Thursday, October 18, 2012

Breaking Spirals


Our minds are constantly filled with narratives of our own creation.  These narratives define who we are, and who we are conditions the narratives.  When our outlook is bleak, the narrative becomes bleak, which only darkens our outlook.  This negative cycle can continue in a downward spiral with tragic consequences, such as in the case of young Amanda Todd.  

Alternately, a positive outlook creates a happier narrative, which accentuates the positive and improves our outlook.  While this is a happier occurrence, reality isn't always seen through "rose-colored glasses" and we can find ourselves blindsided when fate suddenly taps us on the shoulder.

Meditation is a way to break these cycles.  Sitting still and quieting the mind, we can stop listening to the narration (even if the narrative itself never really quite stops).  In deep states of meditation, body and mind drop away, and when there is no narration, there is no narrator.  

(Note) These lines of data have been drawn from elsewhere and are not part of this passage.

(* Any two of the following three equalities imply the third: (i) $c_{n,k}=\prod_{j=k}^{n-1}\frac{g_{j+1}}{h_n-h_j}$ for $0\le k<n$ and $c_{n,n}=1$; (ii) $Lu_n=h_nu_n$ for all $n\ge0$; (iii) $Lv_n=h_nv_n+g_nv_{n-1}$ for $n>0$ and $Lv_0=h_0v_0$.
   Context: Let $h_k$, $x_k$, $g_k$ ($k=0,1,2,\ldots$) be given sequences such that all $h_k$ are distinct. Define monic Newton type polynomials $v_k(x)=(x-x_0)(x-x_1)\cdots(x-x_{k-1})$ for $k\ge1$ and $v_0(x)=1$. Let $u_n(x)=\sum_{k=0}^n c_{n,k}\,v_k(x)$ be monic polynomials of degree $n$ (so $c_{n,n}=1$), and let $L$ be a linear operator on the space of polynomials. *)

theory Defs
  imports "HOL-Computational_Algebra.Polynomial"
begin

definition newton_poly :: "(nat \<Rightarrow> 'a::field) \<Rightarrow> nat \<Rightarrow> 'a poly" where
  "newton_poly x k = (\<Prod>i<k. [:- x i, 1:])"

definition u_poly :: "(nat \<Rightarrow> 'a::field) \<Rightarrow> (nat \<Rightarrow> nat \<Rightarrow> 'a) \<Rightarrow> nat \<Rightarrow> 'a poly" where
  "u_poly x c n = (\<Sum>k\<le>n. smult (c n k) (newton_poly x k))"

definition linear_poly_op :: "('a::field poly \<Rightarrow> 'a poly) \<Rightarrow> bool" where
  "linear_poly_op L \<longleftrightarrow> (\<forall>p q. L (p + q) = L p + L q) \<and> (\<forall>a p. L (smult a p) = smult a (L p))"

definition cond_i :: "(nat \<Rightarrow> 'a::field) \<Rightarrow> (nat \<Rightarrow> 'a) \<Rightarrow> (nat \<Rightarrow> nat \<Rightarrow> 'a) \<Rightarrow> bool" where
  "cond_i h g c \<longleftrightarrow>
     (\<forall>n k. k < n \<longrightarrow> c n k = (\<Prod>j=k..<n. g (j + 1) / (h n - h j))) \<and> (\<forall>n. c n n = 1)"

definition cond_ii :: "('a::field poly \<Rightarrow> 'a poly) \<Rightarrow> (nat \<Rightarrow> 'a) \<Rightarrow> (nat \<Rightarrow> 'a) \<Rightarrow> (nat \<Rightarrow> nat \<Rightarrow> 'a) \<Rightarrow> bool" where
  "cond_ii L h x c \<longleftrightarrow> (\<forall>n. L (u_poly x c n) = smult (h n) (u_poly x c n))"

definition cond_iii :: "('a::field poly \<Rightarrow> 'a poly) \<Rightarrow> (nat \<Rightarrow> 'a) \<Rightarrow> (nat \<Rightarrow> 'a) \<Rightarrow> (nat \<Rightarrow> 'a) \<Rightarrow> bool" where
  "cond_iii L h x g \<longleftrightarrow>
     (\<forall>n>0. L (newton_poly x n) = smult (h n) (newton_poly x n) + smult (g n) (newton_poly x (n - 1))) \<and>
     L (newton_poly x 0) = smult (h 0) (newton_poly x 0)"

end

theory Submission
  imports Defs
begin

(*
  Write D_k = L v_k - h_k v_k - g_k v_(k-1) (the last term absent for k = 0) and
  r_(n,k) = g_(k+1) c_(n,k+1) - (h_n - h_k) c_(n,k). Linearity of L and a shift of the
  summation index give, for every n,

    L u_n - h_n u_n = sum_(k<=n) c_(n,k) D_k + sum_(k<n) r_(n,k) v_k.

  Condition (ii) says the left side vanishes, (iii) says every D_k vanishes, and, as the
  h_k are distinct and c_(n,n) = 1, (i) is the unrolled form of the recurrence r_(n,k) = 0.
  Given (i) and (iii) the right side is zero. Given (i) and (ii), sum_(k<=n) c_(n,k) D_k = 0
  is a triangular system with unit diagonal, so D_n = 0 by strong induction. Given (ii) and
  (iii), sum_(k<n) r_(n,k) v_k = 0, and the v_k are linearly independent since deg v_k = k.
*)

lemma degree_newton_poly [simp]: "degree (newton_poly x k) = k"
  by (simp add: newton_poly_def degree_prod_sum_eq)

lemma lead_coeff_newton_poly [simp]: "lead_coeff (newton_poly x k) = 1"
  by (simp add: newton_poly_def lead_coeff_prod)

lemma newton_poly_nonzero [simp]: "newton_poly x k \<noteq> 0"
  using lead_coeff_newton_poly[of x k] by (metis leading_coeff_0_iff zero_neq_one)

lemma sum_smult_degree_graded_eq_0:
  fixes p :: "nat \<Rightarrow> 'a::idom poly"
  assumes "(\<Sum>k<n. smult (a k) (p k)) = 0"
    and "\<And>k. k < n \<Longrightarrow> degree (p k) = k" and "\<And>k. k < n \<Longrightarrow> p k \<noteq> 0"
  shows "\<forall>k<n. a k = 0"
  using assms
proof (induction n)
  case 0
  then show ?case by simp
next
  case (Suc n)
  let ?S = "\<Sum>k<n. smult (a k) (p k)"
  have "coeff ?S n = 0"
    using Suc.prems(2) by (simp add: coeff_sum coeff_eq_0)
  moreover have "?S + smult (a n) (p n) = 0"
    using Suc.prems(1) by simp
  then have "coeff ?S n + a n * lead_coeff (p n) = 0"
    using Suc.prems(2) by (metis coeff_add coeff_smult coeff_0 lessI)
  ultimately have "a n = 0"
    using Suc.prems(3) by simp
  with Suc show ?case
    by (simp add: less_Suc_eq)
qed

lemma linear_poly_op_sum:
  assumes "linear_poly_op L"
  shows "L (\<Sum>k\<in>A. smult (a k) (p k)) = (\<Sum>k\<in>A. smult (a k) (L (p k)))"
proof -
  have "L 0 = 0"
    using assms unfolding linear_poly_op_def by (metis smult_0_left)
  then have "L (\<Sum>k\<in>A. smult (a k) (p k)) = (\<Sum>k\<in>A. L (smult (a k) (p k)))"
    using assms sum_comp_morphism[of L] unfolding linear_poly_op_def comp_def by metis
  also have "\<dots> = (\<Sum>k\<in>A. smult (a k) (L (p k)))"
    using assms unfolding linear_poly_op_def by simp
  finally show ?thesis .
qed

lemma smult_sum_right: "smult a (\<Sum>k\<in>A. p k) = (\<Sum>k\<in>A. smult a (p k))"
  by (induction A rule: infinite_finite_induct) (simp_all add: smult_add_right)

fun newton_lower :: "(nat \<Rightarrow> 'a::field) \<Rightarrow> (nat \<Rightarrow> 'a) \<Rightarrow> nat \<Rightarrow> 'a poly" where
  "newton_lower x g 0 = 0"
| "newton_lower x g (Suc k) = smult (g (Suc k)) (newton_poly x k)"

definition newton_defect ::
    "('a::field poly \<Rightarrow> 'a poly) \<Rightarrow> (nat \<Rightarrow> 'a) \<Rightarrow> (nat \<Rightarrow> 'a) \<Rightarrow> (nat \<Rightarrow> 'a) \<Rightarrow> nat \<Rightarrow> 'a poly" where
  "newton_defect L h x g k =
     L (newton_poly x k) - smult (h k) (newton_poly x k) - newton_lower x g k"

definition recurrence_defect ::
    "(nat \<Rightarrow> 'a::field) \<Rightarrow> (nat \<Rightarrow> 'a) \<Rightarrow> (nat \<Rightarrow> nat \<Rightarrow> 'a) \<Rightarrow> nat \<Rightarrow> nat \<Rightarrow> 'a" where
  "recurrence_defect h g c n k = g (Suc k) * c n (Suc k) - c n k * (h n - h k)"

definition coeff_recurrence :: "(nat \<Rightarrow> 'a::field) \<Rightarrow> (nat \<Rightarrow> 'a) \<Rightarrow> (nat \<Rightarrow> nat \<Rightarrow> 'a) \<Rightarrow> bool" where
  "coeff_recurrence h g c \<longleftrightarrow> (\<forall>n k. k < n \<longrightarrow> recurrence_defect h g c n k = 0)"

lemma newton_lower_pos: "0 < n \<Longrightarrow> newton_lower x g n = smult (g n) (newton_poly x (n - 1))"
  by (cases n) simp_all

lemma newton_defect_eq_0_iff:
  "newton_defect L h x g k = 0 \<longleftrightarrow>
     L (newton_poly x k) = smult (h k) (newton_poly x k) + newton_lower x g k"
  by (simp only: newton_defect_def diff_diff_eq right_minus_eq)

lemma cond_iii_iff_newton_defect:
  "cond_iii L h x g \<longleftrightarrow> (\<forall>k. newton_defect L h x g k = 0)"
proof -
  have "(\<forall>k. newton_defect L h x g k = 0) \<longleftrightarrow>
      newton_defect L h x g 0 = 0 \<and> (\<forall>n>0. newton_defect L h x g n = 0)"
    by (metis neq0_conv)
  then show ?thesis
    unfolding cond_iii_def newton_defect_eq_0_iff by (simp add: newton_lower_pos conj_commute)
qed

lemma u_poly_eigen_defect:
  assumes "linear_poly_op L"
  shows "L (u_poly x c n) - smult (h n) (u_poly x c n) =
    (\<Sum>k\<le>n. smult (c n k) (newton_defect L h x g k)) +
    (\<Sum>k<n. smult (recurrence_defect h g c n k) (newton_poly x k))"
proof -
  let ?v = "newton_poly x" and ?w = "newton_lower x g" and ?D = "newton_defect L h x g"
  have "L (u_poly x c n) - smult (h n) (u_poly x c n) =
      (\<Sum>k\<le>n. smult (c n k) (L (?v k) - smult (h n) (?v k)))"
    unfolding u_poly_def linear_poly_op_sum[OF assms] smult_sum_right
    by (simp add: sum_subtractf smult_diff_right mult.commute)
  also have "\<dots> = (\<Sum>k\<le>n. smult (c n k) (?D k)) + (\<Sum>k\<le>n. smult (c n k) (?w k)) +
      (\<Sum>k\<le>n. smult (c n k * (h k - h n)) (?v k))"
    unfolding sum.distrib[symmetric]
    by (intro sum.cong refl poly_eqI) (simp add: newton_defect_def algebra_simps)
  also have "(\<Sum>k\<le>n. smult (c n k) (?w k)) = (\<Sum>k<n. smult (g (Suc k) * c n (Suc k)) (?v k))"
    unfolding lessThan_Suc_atMost[symmetric] sum.lessThan_Suc_shift by (simp add: mult.commute)
  also have "(\<Sum>k\<le>n. smult (c n k * (h k - h n)) (?v k)) =
      (\<Sum>k<n. smult (c n k * (h k - h n)) (?v k))"
    by (simp add: lessThan_Suc_atMost[symmetric])
  also have "(\<Sum>k\<le>n. smult (c n k) (?D k)) + (\<Sum>k<n. smult (g (Suc k) * c n (Suc k)) (?v k)) +
      (\<Sum>k<n. smult (c n k * (h k - h n)) (?v k)) =
      (\<Sum>k\<le>n. smult (c n k) (?D k)) + (\<Sum>k<n. smult (recurrence_defect h g c n k) (?v k))"
    unfolding add.assoc sum.distrib[symmetric] smult_add_left[symmetric] recurrence_defect_def
    by (simp add: algebra_simps)
  finally show ?thesis .
qed

lemma cond_i_iff_coeff_recurrence:
  assumes "inj h" and "\<forall>n. c n n = 1"
  shows "cond_i h g c \<longleftrightarrow> coeff_recurrence h g c"
proof -
  have step: "recurrence_defect h g c n k = 0 \<longleftrightarrow>
      c n k = g (Suc k) / (h n - h k) * c n (Suc k)" if "k < n" for n k
  proof -
    have "h n - h k \<noteq> 0"
      using \<open>inj h\<close> that by (auto dest: injD)
    then show ?thesis
      by (auto simp: recurrence_defect_def field_simps)
  qed
  have closed_form: "c n k = (\<Prod>j=k..<n. g (j + 1) / (h n - h j))"
    if "k < n" "\<forall>k<n. recurrence_defect h g c n k = 0" for n k
    using that(1)
  proof (induction "n - k" arbitrary: k)
    case 0
    then show ?case by simp
  next
    case (Suc d)
    have "c n (Suc k) = (\<Prod>j=Suc k..<n. g (j + 1) / (h n - h j))"
      using Suc assms(2) by (cases "Suc k = n") auto
    then show ?case
      using step[of k n] that(2) Suc.prems by (simp add: prod.atLeast_Suc_lessThan)
  qed
  have "recurrence_defect h g c n k = 0" if "cond_i h g c" "k < n" for n k
  proof -
    have "c n (Suc k) = (\<Prod>j=Suc k..<n. g (j + 1) / (h n - h j))"
      using that unfolding cond_i_def by (cases "Suc k = n") auto
    then show ?thesis
      using that step[of k n] unfolding cond_i_def by (simp add: prod.atLeast_Suc_lessThan)
  qed
  with closed_form assms(2) show ?thesis
    unfolding cond_i_def coeff_recurrence_def by blast
qed

lemma coeff_recurrence_cond_ii_imp_cond_iii:
  assumes "linear_poly_op L" and "\<forall>n. c n n = 1"
    and "coeff_recurrence h g c" and "cond_ii L h x c"
  shows "cond_iii L h x g"
  unfolding cond_iii_iff_newton_defect
proof
  fix n
  show "newton_defect L h x g n = 0"
  proof (induction n rule: less_induct)
    case (less n)
    have "(\<Sum>k\<le>n. smult (c n k) (newton_defect L h x g k)) = 0"
      using u_poly_eigen_defect[OF assms(1), of x c n h g] assms(3,4)
      by (simp add: cond_ii_def coeff_recurrence_def)
    also have "(\<Sum>k\<le>n. smult (c n k) (newton_defect L h x g k)) = newton_defect L h x g n"
      using less assms(2) by (simp add: lessThan_Suc_atMost[symmetric])
    finally show ?case .
  qed
qed

lemma coeff_recurrence_cond_iii_imp_cond_ii:
  assumes "linear_poly_op L"
    and "coeff_recurrence h g c" and "cond_iii L h x g"
  shows "cond_ii L h x c"
  using u_poly_eigen_defect[OF assms(1), of x c _ h g] assms(2,3)
  by (simp add: cond_ii_def cond_iii_iff_newton_defect coeff_recurrence_def)

lemma cond_ii_cond_iii_imp_coeff_recurrence:
  assumes "linear_poly_op L" and "cond_ii L h x c" and "cond_iii L h x g"
  shows "coeff_recurrence h g c"
  unfolding coeff_recurrence_def
proof (rule allI)
  fix n
  have "(\<Sum>k<n. smult (recurrence_defect h g c n k) (newton_poly x k)) = 0"
    using u_poly_eigen_defect[OF assms(1), of x c n h g] assms(2,3)
    by (simp add: cond_ii_def cond_iii_iff_newton_defect)
  then show "\<forall>k<n. recurrence_defect h g c n k = 0"
    by (rule sum_smult_degree_graded_eq_0) simp_all
qed

theorem mainTheorem1:
  fixes h x g :: "nat \<Rightarrow> 'a::field"
    and c :: "nat \<Rightarrow> nat \<Rightarrow> 'a"
    and L :: "'a poly \<Rightarrow> 'a poly"
  assumes "inj h"
    and "\<forall>n. c n n = 1"
    and "linear_poly_op L"
  shows "(cond_i h g c \<and> cond_ii L h x c \<longrightarrow> cond_iii L h x g) \<and>
         (cond_i h g c \<and> cond_iii L h x g \<longrightarrow> cond_ii L h x c) \<and>
         (cond_ii L h x c \<and> cond_iii L h x g \<longrightarrow> cond_i h g c)"
  using coeff_recurrence_cond_ii_imp_cond_iii[of L c, OF assms(3,2)]
    coeff_recurrence_cond_iii_imp_cond_ii[OF assms(3)]
    cond_ii_cond_iii_imp_coeff_recurrence[OF assms(3)]
  unfolding cond_i_iff_coeff_recurrence[of h c, OF assms(1,2)] by blast

end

When the bell rings and we come back to the world, we have a chance, if even for a minute, to see things as they are outside of the influence of the outlook-narrative cycles.  Eventually, habitual tendencies of the mind will  reestablish themselves, but we can always return to our meditation practice before they become too deeply entrenched.  With time, we learn to not get as caught up in them as we had before our practice began.